## DATA LISTING

|---|

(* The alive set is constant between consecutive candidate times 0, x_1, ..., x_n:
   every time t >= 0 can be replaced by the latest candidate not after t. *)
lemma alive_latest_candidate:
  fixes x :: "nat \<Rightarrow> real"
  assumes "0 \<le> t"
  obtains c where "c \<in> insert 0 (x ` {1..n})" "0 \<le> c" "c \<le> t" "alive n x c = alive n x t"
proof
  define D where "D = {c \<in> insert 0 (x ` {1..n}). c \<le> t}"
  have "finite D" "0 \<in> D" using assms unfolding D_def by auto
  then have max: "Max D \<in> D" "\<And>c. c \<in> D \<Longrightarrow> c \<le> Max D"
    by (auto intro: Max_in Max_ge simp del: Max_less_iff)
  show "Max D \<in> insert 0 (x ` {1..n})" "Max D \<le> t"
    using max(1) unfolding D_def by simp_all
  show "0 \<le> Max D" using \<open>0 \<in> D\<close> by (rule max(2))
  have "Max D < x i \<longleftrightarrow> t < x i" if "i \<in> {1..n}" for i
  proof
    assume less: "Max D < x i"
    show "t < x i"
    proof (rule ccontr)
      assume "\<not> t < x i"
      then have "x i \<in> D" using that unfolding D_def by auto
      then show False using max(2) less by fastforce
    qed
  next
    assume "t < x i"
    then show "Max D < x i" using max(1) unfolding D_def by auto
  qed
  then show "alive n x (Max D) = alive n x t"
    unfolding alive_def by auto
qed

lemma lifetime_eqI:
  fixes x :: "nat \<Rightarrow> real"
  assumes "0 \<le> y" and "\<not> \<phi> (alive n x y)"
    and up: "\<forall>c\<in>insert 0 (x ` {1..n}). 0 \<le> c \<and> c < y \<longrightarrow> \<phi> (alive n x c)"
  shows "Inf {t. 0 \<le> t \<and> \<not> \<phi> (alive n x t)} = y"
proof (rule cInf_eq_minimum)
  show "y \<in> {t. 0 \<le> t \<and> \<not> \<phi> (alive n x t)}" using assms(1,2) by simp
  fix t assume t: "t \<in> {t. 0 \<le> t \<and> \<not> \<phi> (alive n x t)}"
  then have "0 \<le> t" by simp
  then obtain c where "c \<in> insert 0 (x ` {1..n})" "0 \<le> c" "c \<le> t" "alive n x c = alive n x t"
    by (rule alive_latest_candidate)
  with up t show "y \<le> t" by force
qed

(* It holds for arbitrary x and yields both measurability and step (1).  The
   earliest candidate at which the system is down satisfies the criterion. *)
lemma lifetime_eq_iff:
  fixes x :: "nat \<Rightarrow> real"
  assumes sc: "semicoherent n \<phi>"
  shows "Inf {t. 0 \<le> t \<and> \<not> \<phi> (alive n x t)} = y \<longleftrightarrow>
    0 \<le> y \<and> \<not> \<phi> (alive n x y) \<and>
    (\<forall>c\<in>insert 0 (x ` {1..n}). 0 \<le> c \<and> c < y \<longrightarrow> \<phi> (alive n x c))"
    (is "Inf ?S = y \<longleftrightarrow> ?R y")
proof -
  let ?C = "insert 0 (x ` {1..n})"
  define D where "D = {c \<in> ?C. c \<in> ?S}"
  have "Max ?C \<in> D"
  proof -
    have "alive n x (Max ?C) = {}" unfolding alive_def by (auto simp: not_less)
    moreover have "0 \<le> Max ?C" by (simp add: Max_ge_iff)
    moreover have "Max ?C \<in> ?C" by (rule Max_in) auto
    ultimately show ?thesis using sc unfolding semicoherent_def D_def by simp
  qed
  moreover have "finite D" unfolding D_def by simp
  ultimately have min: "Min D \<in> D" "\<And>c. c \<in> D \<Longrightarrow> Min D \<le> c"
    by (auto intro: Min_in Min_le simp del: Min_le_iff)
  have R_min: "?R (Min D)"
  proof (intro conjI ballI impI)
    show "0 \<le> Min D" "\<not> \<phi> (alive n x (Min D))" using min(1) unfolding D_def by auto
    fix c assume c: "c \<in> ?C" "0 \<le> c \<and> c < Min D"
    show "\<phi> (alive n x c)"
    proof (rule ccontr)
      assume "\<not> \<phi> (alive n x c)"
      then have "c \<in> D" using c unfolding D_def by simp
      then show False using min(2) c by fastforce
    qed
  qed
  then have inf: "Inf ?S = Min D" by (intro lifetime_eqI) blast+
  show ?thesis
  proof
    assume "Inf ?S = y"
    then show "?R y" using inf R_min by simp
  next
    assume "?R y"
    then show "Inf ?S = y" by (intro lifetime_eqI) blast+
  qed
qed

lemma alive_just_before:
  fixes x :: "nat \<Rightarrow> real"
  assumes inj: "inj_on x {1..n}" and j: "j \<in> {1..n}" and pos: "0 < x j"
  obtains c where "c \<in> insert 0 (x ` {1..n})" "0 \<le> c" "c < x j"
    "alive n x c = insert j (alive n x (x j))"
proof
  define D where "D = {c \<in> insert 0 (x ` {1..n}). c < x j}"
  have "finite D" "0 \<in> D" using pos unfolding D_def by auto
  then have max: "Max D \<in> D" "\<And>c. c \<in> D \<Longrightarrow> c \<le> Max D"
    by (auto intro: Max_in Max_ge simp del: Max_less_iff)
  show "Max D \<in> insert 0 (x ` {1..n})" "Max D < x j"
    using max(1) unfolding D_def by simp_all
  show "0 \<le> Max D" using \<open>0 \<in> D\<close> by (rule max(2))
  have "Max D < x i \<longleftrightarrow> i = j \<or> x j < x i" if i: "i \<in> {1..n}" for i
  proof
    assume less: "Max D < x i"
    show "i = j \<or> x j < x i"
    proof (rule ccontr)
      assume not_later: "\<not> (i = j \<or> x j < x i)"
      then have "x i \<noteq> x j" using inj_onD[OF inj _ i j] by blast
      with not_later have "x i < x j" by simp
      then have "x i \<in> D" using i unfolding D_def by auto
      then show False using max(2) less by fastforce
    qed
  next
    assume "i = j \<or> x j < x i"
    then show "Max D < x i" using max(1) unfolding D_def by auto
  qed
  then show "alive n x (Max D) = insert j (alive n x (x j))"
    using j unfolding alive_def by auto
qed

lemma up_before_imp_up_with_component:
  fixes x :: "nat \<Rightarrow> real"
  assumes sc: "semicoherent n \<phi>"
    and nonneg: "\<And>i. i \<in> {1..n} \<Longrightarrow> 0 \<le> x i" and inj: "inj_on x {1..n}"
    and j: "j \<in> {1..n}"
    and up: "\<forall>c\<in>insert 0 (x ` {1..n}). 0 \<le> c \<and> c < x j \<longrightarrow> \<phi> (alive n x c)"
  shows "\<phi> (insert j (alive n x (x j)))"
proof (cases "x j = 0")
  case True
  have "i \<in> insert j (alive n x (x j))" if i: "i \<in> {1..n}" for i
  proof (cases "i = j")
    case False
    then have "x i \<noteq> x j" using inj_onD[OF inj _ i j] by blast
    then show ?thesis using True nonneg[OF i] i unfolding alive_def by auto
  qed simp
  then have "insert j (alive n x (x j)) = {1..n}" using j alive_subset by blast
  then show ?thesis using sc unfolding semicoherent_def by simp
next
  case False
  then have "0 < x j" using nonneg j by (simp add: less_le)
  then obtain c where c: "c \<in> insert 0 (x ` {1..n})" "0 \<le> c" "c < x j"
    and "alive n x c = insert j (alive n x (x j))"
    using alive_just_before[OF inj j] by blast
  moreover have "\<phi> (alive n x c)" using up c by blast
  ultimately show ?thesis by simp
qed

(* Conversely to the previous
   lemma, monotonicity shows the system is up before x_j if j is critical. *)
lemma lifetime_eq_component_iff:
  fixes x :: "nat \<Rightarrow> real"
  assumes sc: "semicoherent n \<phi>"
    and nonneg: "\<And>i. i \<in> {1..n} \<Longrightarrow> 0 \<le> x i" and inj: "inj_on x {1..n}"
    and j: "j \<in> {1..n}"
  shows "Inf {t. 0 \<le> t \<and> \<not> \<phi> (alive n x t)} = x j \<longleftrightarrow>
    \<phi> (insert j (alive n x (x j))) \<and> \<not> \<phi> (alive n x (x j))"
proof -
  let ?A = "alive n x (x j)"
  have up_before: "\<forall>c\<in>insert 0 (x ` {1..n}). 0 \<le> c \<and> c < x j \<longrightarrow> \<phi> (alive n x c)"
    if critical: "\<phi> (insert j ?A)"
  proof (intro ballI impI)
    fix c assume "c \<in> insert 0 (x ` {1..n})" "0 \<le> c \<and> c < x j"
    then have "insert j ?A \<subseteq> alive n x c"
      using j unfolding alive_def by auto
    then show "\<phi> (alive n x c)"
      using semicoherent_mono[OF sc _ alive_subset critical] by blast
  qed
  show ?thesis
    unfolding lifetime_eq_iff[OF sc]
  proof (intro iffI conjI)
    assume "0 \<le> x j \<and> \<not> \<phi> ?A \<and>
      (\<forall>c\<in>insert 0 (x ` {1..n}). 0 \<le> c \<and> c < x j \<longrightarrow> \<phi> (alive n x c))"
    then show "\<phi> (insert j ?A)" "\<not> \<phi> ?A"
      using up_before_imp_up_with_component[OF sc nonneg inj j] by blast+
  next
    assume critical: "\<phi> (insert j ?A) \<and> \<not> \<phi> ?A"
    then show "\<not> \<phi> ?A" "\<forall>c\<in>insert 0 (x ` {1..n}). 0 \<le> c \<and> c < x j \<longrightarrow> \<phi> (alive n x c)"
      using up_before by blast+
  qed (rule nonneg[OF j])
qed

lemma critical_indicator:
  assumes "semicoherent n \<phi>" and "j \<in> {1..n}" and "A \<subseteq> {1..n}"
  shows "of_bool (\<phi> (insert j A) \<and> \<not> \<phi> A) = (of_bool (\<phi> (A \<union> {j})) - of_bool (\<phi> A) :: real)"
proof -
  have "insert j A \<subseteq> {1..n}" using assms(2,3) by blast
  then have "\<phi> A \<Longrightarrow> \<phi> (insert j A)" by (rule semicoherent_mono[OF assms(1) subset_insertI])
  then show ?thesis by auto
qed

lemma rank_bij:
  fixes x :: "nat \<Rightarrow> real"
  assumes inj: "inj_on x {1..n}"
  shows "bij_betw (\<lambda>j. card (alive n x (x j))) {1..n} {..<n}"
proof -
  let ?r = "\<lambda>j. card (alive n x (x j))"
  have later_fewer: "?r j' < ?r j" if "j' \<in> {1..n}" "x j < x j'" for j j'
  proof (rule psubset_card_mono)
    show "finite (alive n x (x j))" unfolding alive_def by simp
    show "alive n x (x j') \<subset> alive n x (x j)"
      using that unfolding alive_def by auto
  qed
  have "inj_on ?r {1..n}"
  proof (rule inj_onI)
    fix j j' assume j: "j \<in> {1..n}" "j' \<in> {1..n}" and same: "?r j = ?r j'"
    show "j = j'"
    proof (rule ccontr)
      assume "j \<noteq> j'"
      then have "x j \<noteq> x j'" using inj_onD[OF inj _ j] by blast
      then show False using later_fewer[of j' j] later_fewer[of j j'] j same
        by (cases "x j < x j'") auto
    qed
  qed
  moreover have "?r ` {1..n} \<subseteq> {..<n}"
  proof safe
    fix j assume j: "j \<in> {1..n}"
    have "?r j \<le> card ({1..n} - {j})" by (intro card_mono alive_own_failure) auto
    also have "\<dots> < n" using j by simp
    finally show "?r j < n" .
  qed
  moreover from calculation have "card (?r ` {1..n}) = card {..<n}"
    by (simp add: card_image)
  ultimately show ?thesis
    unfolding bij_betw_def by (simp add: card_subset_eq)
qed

|---|

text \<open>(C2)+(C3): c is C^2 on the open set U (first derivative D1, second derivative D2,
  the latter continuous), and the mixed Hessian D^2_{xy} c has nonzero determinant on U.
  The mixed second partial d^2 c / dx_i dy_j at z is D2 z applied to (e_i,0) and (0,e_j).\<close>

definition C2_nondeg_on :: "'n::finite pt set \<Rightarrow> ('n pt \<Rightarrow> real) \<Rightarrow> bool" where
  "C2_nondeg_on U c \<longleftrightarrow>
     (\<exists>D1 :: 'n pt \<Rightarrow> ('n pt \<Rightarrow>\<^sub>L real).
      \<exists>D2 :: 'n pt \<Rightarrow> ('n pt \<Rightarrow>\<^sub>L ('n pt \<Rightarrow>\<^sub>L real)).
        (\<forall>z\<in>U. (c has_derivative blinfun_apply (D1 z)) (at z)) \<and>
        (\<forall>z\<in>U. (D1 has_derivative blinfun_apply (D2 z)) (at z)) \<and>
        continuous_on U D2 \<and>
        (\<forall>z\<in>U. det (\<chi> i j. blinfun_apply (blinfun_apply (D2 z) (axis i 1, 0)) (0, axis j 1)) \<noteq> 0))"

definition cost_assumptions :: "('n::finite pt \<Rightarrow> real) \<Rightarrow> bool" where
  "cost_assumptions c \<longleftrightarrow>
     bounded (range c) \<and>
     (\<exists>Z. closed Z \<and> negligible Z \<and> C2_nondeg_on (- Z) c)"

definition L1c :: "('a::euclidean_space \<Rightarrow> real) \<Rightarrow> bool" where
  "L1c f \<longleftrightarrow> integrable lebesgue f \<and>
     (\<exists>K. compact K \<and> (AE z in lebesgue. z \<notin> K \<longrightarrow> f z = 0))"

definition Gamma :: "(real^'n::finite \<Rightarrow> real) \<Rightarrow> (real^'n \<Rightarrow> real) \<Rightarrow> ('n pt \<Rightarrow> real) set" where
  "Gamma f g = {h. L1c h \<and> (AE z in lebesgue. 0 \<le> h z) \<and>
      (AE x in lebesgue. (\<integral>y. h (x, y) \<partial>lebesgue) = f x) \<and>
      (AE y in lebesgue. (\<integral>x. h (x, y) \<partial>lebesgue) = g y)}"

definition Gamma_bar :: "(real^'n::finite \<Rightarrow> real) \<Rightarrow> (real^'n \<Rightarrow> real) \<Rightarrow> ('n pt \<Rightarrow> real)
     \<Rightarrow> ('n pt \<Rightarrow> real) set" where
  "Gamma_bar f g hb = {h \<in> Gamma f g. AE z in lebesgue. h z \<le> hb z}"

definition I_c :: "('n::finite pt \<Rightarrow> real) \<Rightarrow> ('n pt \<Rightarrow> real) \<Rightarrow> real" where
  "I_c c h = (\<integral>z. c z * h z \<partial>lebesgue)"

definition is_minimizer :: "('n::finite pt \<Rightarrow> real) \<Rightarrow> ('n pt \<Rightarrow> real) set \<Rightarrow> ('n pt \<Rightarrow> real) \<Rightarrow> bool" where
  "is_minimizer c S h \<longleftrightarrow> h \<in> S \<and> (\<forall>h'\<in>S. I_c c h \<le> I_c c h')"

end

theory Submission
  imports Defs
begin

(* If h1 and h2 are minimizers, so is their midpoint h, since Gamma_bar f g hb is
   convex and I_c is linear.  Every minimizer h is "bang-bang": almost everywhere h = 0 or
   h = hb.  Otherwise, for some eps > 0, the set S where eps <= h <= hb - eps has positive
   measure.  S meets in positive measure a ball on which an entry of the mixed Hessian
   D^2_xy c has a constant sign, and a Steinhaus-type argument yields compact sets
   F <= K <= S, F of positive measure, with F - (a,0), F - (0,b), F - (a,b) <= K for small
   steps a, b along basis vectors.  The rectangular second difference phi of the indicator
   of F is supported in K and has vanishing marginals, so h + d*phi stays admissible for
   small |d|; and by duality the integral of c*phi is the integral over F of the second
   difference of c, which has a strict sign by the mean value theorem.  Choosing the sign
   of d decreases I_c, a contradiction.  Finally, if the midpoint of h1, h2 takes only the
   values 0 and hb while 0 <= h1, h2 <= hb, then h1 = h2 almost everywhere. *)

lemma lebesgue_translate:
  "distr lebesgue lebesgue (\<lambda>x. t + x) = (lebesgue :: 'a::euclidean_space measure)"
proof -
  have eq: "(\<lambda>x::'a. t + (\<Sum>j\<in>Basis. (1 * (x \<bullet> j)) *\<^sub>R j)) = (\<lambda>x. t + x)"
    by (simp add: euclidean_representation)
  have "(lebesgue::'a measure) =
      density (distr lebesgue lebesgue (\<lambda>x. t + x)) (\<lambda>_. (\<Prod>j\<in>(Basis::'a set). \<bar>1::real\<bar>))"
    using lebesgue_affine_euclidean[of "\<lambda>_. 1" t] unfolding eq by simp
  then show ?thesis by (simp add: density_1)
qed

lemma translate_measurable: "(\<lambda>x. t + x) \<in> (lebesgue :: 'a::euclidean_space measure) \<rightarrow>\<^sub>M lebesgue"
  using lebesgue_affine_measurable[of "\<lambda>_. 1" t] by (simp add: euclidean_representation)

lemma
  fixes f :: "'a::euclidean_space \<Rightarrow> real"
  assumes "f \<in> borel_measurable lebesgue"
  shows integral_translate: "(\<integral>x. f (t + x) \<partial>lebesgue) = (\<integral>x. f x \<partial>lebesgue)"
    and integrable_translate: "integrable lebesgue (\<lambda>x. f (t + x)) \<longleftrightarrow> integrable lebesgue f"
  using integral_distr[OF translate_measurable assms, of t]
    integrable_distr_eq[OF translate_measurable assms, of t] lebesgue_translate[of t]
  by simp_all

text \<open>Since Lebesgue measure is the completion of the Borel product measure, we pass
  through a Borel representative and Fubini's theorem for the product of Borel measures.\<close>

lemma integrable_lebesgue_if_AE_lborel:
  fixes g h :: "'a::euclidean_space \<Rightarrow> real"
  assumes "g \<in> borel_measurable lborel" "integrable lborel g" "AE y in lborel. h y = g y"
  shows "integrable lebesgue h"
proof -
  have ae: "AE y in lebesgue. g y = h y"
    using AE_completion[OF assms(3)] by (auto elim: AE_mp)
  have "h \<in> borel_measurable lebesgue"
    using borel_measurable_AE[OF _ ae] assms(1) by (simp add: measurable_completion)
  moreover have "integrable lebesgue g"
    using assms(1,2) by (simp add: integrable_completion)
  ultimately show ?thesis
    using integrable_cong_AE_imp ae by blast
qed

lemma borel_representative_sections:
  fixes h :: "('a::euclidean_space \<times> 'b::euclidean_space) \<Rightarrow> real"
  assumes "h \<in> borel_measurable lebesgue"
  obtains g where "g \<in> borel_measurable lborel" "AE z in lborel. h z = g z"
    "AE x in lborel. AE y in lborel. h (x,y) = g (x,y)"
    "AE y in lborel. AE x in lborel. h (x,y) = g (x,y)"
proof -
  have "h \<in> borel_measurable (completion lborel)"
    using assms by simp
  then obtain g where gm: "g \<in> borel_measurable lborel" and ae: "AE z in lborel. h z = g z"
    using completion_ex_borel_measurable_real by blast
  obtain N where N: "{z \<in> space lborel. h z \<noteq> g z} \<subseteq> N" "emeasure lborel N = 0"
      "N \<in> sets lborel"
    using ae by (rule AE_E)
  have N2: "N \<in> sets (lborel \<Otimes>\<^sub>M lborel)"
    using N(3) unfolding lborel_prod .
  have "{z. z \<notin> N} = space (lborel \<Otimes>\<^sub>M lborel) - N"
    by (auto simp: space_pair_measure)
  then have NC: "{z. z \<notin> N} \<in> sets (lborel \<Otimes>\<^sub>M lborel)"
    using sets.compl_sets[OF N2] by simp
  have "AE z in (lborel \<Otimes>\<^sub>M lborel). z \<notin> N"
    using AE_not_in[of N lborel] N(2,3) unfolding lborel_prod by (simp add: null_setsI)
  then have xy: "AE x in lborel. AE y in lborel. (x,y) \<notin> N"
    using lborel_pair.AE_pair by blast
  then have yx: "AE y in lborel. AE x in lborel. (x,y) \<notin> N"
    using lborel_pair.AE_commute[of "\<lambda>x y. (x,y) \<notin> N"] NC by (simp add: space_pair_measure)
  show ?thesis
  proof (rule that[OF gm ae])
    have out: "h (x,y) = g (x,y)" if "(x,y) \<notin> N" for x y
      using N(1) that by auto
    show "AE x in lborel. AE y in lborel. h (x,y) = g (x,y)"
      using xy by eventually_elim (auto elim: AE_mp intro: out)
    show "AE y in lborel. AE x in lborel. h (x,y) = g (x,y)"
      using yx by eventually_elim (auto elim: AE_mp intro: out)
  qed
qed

|---|

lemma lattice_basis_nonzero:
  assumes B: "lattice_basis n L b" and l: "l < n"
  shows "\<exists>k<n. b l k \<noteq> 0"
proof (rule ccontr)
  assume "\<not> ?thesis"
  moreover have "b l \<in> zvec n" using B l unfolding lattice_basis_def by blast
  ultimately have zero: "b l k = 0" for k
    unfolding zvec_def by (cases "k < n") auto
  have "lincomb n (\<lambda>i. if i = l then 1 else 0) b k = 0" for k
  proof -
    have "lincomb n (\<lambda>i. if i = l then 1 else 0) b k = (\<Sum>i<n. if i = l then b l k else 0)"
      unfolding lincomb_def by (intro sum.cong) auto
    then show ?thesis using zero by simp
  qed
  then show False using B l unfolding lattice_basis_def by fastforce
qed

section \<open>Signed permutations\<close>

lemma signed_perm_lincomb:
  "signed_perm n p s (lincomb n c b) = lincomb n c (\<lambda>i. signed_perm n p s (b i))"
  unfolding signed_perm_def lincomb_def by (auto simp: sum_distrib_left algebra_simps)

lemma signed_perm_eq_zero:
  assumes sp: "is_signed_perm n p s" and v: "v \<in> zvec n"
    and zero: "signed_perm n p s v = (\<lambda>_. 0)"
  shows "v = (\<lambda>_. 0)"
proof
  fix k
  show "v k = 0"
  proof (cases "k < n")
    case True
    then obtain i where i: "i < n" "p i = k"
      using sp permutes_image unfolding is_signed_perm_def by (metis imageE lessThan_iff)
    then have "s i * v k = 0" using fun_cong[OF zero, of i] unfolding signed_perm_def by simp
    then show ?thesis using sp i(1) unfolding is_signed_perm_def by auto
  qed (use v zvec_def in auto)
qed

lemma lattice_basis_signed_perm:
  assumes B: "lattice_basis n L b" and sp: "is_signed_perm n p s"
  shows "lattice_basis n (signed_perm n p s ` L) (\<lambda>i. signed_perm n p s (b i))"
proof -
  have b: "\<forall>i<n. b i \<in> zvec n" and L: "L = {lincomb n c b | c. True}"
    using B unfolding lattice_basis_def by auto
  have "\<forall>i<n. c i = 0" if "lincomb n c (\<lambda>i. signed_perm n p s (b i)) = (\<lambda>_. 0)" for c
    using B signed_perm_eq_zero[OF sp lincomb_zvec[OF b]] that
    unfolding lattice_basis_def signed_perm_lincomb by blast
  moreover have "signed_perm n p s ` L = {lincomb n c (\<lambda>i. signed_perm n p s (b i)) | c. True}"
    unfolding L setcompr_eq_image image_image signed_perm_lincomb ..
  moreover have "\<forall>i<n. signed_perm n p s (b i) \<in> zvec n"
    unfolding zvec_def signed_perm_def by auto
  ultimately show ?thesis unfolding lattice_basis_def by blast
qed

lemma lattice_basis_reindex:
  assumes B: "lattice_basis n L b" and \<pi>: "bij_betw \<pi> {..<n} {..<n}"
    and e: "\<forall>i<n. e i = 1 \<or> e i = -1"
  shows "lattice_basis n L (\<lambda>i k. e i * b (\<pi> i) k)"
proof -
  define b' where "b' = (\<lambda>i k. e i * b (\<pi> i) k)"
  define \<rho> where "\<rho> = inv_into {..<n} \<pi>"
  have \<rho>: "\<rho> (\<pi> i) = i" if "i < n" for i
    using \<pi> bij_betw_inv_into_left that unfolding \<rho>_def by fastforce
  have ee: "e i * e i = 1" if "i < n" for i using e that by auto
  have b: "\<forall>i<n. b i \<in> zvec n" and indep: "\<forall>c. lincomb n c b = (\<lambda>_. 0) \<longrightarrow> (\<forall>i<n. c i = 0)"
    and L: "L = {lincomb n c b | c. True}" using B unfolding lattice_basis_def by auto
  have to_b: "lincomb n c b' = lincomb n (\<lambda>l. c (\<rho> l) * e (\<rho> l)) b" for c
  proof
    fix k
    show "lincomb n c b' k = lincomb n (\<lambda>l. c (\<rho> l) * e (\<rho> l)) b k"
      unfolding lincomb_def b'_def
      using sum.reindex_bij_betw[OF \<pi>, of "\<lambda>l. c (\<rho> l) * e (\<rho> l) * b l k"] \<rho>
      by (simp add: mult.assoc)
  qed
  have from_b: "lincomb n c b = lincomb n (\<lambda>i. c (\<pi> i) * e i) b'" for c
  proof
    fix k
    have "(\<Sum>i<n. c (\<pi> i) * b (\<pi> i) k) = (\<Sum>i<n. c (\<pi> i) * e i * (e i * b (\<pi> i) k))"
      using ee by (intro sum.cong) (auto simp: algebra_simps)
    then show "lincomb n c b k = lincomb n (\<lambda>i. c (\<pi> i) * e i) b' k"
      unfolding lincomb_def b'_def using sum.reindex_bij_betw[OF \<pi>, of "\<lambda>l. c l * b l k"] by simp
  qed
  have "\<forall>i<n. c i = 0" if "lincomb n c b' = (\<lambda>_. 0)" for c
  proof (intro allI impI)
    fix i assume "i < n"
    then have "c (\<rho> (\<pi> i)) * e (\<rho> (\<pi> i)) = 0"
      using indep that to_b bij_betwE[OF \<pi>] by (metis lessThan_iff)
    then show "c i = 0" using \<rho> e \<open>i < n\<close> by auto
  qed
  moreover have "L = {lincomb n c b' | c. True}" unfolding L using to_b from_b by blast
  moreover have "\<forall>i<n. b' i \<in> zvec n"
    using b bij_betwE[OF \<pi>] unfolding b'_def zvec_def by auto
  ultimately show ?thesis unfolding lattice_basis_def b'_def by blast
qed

|---|

## EXERCISE
Lines in the data holding the word "cases": count them and say how many, nothing more.

## SOLUTION FOR THIS TASK
5